Many institutions have introduced GenAI guidelines. At the University of Leeds we are currently using a GenAI traffic light system (red = no GenAI, orange = can use GenAI in supportive role as defined by the educator, green= must use GenAI). While this system is useful, there are many grey areas and a lot of room for interpretation. The easy way seems to be to go with “red” and not allow any use of GenAI. 

Some questions we need to consider:

1.How can we, instead of ignoring, blocking and policing, foster critical and creative exploration during the learning process in harmony with GenAI?

2. What academic referencing conventions do we need to acknowledge the use of GenAI and model good academic practice?

3. Is it about time to rethink how we define “originality” and what we mean when a student claims “this is my work”?
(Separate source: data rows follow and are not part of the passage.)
lemma is_path_append:
  assumes "is_path E \<alpha> a" "is_path E \<beta> b" "\<alpha> a = \<beta> 0"
  shows "is_path E (\<lambda>i. if i \<le> a then \<alpha> i else \<beta> (i - a)) (a + b)"
  unfolding is_path_def
proof (intro allI impI)
  fix i assume "i < a + b"
  then show "E (if i \<le> a then \<alpha> i else \<beta> (i - a)) (if Suc i \<le> a then \<alpha> (Suc i) else \<beta> (Suc i - a))"
    using assms unfolding is_path_def
    by (cases "i < a") (auto simp: Suc_diff_le not_less le_Suc_eq dest: spec[of _ "i - a"])
qed

lemma gdist_le_path_length: "is_path E \<gamma> n \<Longrightarrow> gdist E (\<gamma> 0) (\<gamma> n) \<le> n"
  unfolding gdist_def by (rule Least_le) blast

lemma gdist_realized:
  assumes "graph_connected E"
  obtains \<gamma> where "is_path E \<gamma> (gdist E x y)" "\<gamma> 0 = x" "\<gamma> (gdist E x y) = y"
proof -
  have "\<exists>\<gamma>. is_path E \<gamma> (gdist E x y) \<and> \<gamma> 0 = x \<and> \<gamma> (gdist E x y) = y"
    unfolding gdist_def by (rule LeastI_ex) (use assms in \<open>unfold graph_connected_def, blast\<close>)
  then show thesis using that by blast
qed

lemma gdist_triangle:
  assumes "graph_connected E"
  shows "gdist E x z \<le> gdist E x y + gdist E y z"
proof -
  obtain \<alpha> where \<alpha>: "is_path E \<alpha> (gdist E x y)" "\<alpha> 0 = x" "\<alpha> (gdist E x y) = y"
    using gdist_realized[OF assms] .
  obtain \<beta> where \<beta>: "is_path E \<beta> (gdist E y z)" "\<beta> 0 = y" "\<beta> (gdist E y z) = z"
    using gdist_realized[OF assms] .
  from gdist_le_path_length[OF is_path_append[OF \<alpha>(1) \<beta>(1)]] show ?thesis
    using \<alpha> \<beta> by (simp split: if_splits)
qed
(* Let $\mathcal{X}=\{1,\ldots,n\}$, let $p=(p(1),\ldots,p(n))$ be a probability vector with $p(1)\geq\cdots\geq p(n)>0$ (the prior of $X$), and let $k<n$ be a positive integer. Let $j^*:=\min\{j:1\leq j\leq k,\ p(j)\leq \sum_{i=j}^n p(i)/(k-j+1)\}$ and $\pi=(\pi_1,\ldots,\pi_k)$ with $\pi_l=p(l)$ for $l\leq j^*-1$ and $\pi_l=\sum_{i=j^*}^n p(i)/(k-j^*+1)$ for $j^*\leq l\leq k$. Let $\mathcal{M}^*$ be the family of all $M\subseteq\mathcal{X}$ with $|M|=k$ and $\{1,\ldots,j^*-1\}\subseteq M$. Then the system $\sum_{M\in\mathcal{M}^*:\,i\in M}v_M=p(i)$ for $i=j^*,\ldots,n$, $v_M\geq0$ for $M\in\mathcal{M}^*$, has a solution, and for any solution $v$ the channel with outputs $\{y_M:M\in\mathcal{M}^*\}$ given by $p(y_M\mid i)=v_M/p(i)$ for $i\in\{j^*,\ldots,n\}\cap M$, $p(y_M\mid i)=v_M(k-j^*+1)/\sum_{j=j^*}^np(j)$ for $i\in\{1,\ldots,j^*-1\}$, and $p(y_M\mid i)=0$ otherwise, is a feasible channel satisfying $H(X\mid Y)=H(\pi)$ for every generalised entropy $(\eta,F)$.
   Context: Generalised entropy: a pair $(\eta,F)$ where $F$ is a bounded real-valued function on probability vectors of every finite length that is symmetric (unchanged by permuting entries) and expansible (unchanged by appending zero entries), and $\eta$ is a real function, such that either $\eta$ is increasing and $F$ concave, or $\eta$ is decreasing and $F$ convex. $H(q)=\eta(F(q))$ and $H(X\mid Y)=\eta\big(\sum_{y:\,p(y)>0}p(y)F(p_{X\mid y})\big)$ with $p_{X\mid y}=(p(x\mid y))_{x\in\mathcal{X}}$. A channel is a discrete output set $\mathcal{Y}$ with conditional probabilities $p(y\mid x)\geq0$, $\sum_y p(y\mid x)=1$; $Y$ is its output when the input is $X\sim p$, with $p(y)=\sum_x p(x)p(y\mid x)$ and $p(x\mid y)=p(x)p(y\mid x)/p(y)$. The pre-image of $y$ is $\{x:p(y\mid x)>0\}$; the channel is feasible if every pre-image has at most $k$ elements. *)

theory Defs
  imports Complex_Main "HOL-Library.Multiset"
begin
lemma central_triangle_of_S3_copy:
  assumes "S3_copy V E x1 x2 x3 y1 y2 y3"
  shows "central_triangle E {x1, x2, x3}"
proof -
  have d: "distinct [x1, x2, x3, y1, y2, y3]"
    using assms unfolding S3_copy_def by (elim conjE)
  have induced: "{e \<in> E. e \<subseteq> {x1, x2, x3, y1, y2, y3}} =
       {{x1, x2}, {x1, x3}, {x2, x3}, {x1, y1}, {x2, y1}, {x2, y2}, {x3, y2}, {x3, y3}, {x1, y3}}"
    using assms unfolding S3_copy_def by (elim conjE)
  have "{{x1, x2}, {x1, x3}, {x2, x3}, {x1, y1}, {x2, y1}, {x2, y2}, {x3, y2}, {x3, y3}, {x1, y3}} \<subseteq> E"
    unfolding induced[symmetric] by blast
  then have "{x1, x2} \<in> E" "{x1, x3} \<in> E" "{x2, x3} \<in> E" "{x1, y1} \<in> E" "{x2, y1} \<in> E"
    "{x2, y2} \<in> E" "{x3, y2} \<in> E" "{x3, y3} \<in> E" "{x1, y3} \<in> E"
    by simp_all
  with d have "triangle E {x1, x2, x3}"
    and "y1 \<in> outer_apexes E {x1, x2, x3} {x1, x2}"
    and "y2 \<in> outer_apexes E {x1, x2, x3} {x2, x3}"
    and "y3 \<in> outer_apexes E {x1, x2, x3} {x1, x3}"
    by (auto simp: triangleI outer_apexes_def)
  with d show ?thesis
    using central_triangle_iff_sides[of x1 x2 x3 E] by auto
qed

lemma central_triangle_if_pairs_covered:
  assumes card: "card T = 3"
    and cover: "\<And>u v. u \<in> T \<Longrightarrow> v \<in> T \<Longrightarrow> u \<noteq> v \<Longrightarrow> \<exists>X. central_triangle E X \<and> {u, v} \<subseteq> X"
  shows "central_triangle E T"
proof -
  have "{u, v} \<in> E \<and> outer_apexes E T {u, v} \<noteq> {}" if uv: "u \<in> T" "v \<in> T" "u \<noteq> v" for u v
  proof -
    obtain X where X: "central_triangle E X" "{u, v} \<subseteq> X"
      using cover[OF uv] by blast
    then have X3: "card X = 3" and X_edges: "\<forall>p\<in>X. \<forall>q\<in>X. p \<noteq> q \<longrightarrow> {p, q} \<in> E"
      unfolding central_triangle_def triangle_def by simp_all
    then have "{u, v} \<in> E"
      using X(2) uv(3) by simp
    moreover have "outer_apexes E T {u, v} \<noteq> {}"
    proof (cases "X = T")
      case True
      then show ?thesis
        using X(1) uv unfolding central_triangle_def by simp
    next
      case False
      obtain w where w: "X = {u, v, w}" "w \<notin> {u, v}"
        using card_3_obtain_third[OF X3, of u v] X(2) uv(3) by auto
      have "w \<notin> T"
      proof
        assume "w \<in> T"
        then have "X \<subseteq> T" using w uv by simp
        moreover have "finite T" using card by (metis card.infinite zero_neq_numeral)
        ultimately have "X = T" using card X3 by (simp add: card_subset_eq)
        with False show False ..
      qed
      moreover have "{u, w} \<in> E" "{v, w} \<in> E"
        using X_edges w by auto
      ultimately have "w \<in> outer_apexes E T {u, v}"
        unfolding outer_apexes_def by simp
      then show ?thesis by blast
    qed
    ultimately show ?thesis ..
  qed
  with card show ?thesis
    unfolding central_triangle_def triangle_def by simp
qed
The following openly licensed crowdsourced collections may be valuable for educators and students who would like to learn a little bit more about emerging GenAI supported creative practices together with critical perspectives: 

Abegglen, S., Nerantzi, C., Martínez-Arboleda, Karatsiori, M., Atenas, J., Rowell, C. (Eds.) (2024) Towards AI literacy: 101+ creative and critical practices, perspectives and purposes.  #creativeHE. https://doi.org/10.5281/zenodo.11613520 

Nerantzi, C., Abegglen, S., Karatsiori, M. & Martinez-Arboleda, A. (Eds.) (2023) 101 creative ideas to use AI in Education. A crowdsourced collection curated by #creativeHE. Graphic Design by Bushra Hashim. CC-BY-NC-SA 4.0. https://doi.org/10.5281/zenodo.8072949

References

Ahenkorah, E. (2020) Safe and Brave Spaces Don’t Work (and What You Can Do Instead), 21 September 2020. https://medium.com/@elise.k.ahen/safe-and-brave-spaces-dont-work-and-what-you-can-do-instead-f265aa339aff

Gorichanaz, T. (2023) Accused: How students respond to allegations of using ChatGPT on assessments, Learning: Research and Practice, 9:2, 183-196, https://doi.org/10.1080/23735082.2023.2254787

Bio

Chrissi Nerantzi

Chrissi Nerantzi (NTF, CATE, PFHEA) is a Professor in Creative and Open Education in the School of Education, a Senior Lead of the Knowledge Equity Network and the Academic Lead for Discover and Explore at the University of Leeds in the United Kingdom. Chrissi is a GO-GN alumna, the founder of the international #creativeHE community and has initiated a range of further open professional development courses, networks and communities that have been sustained over the years.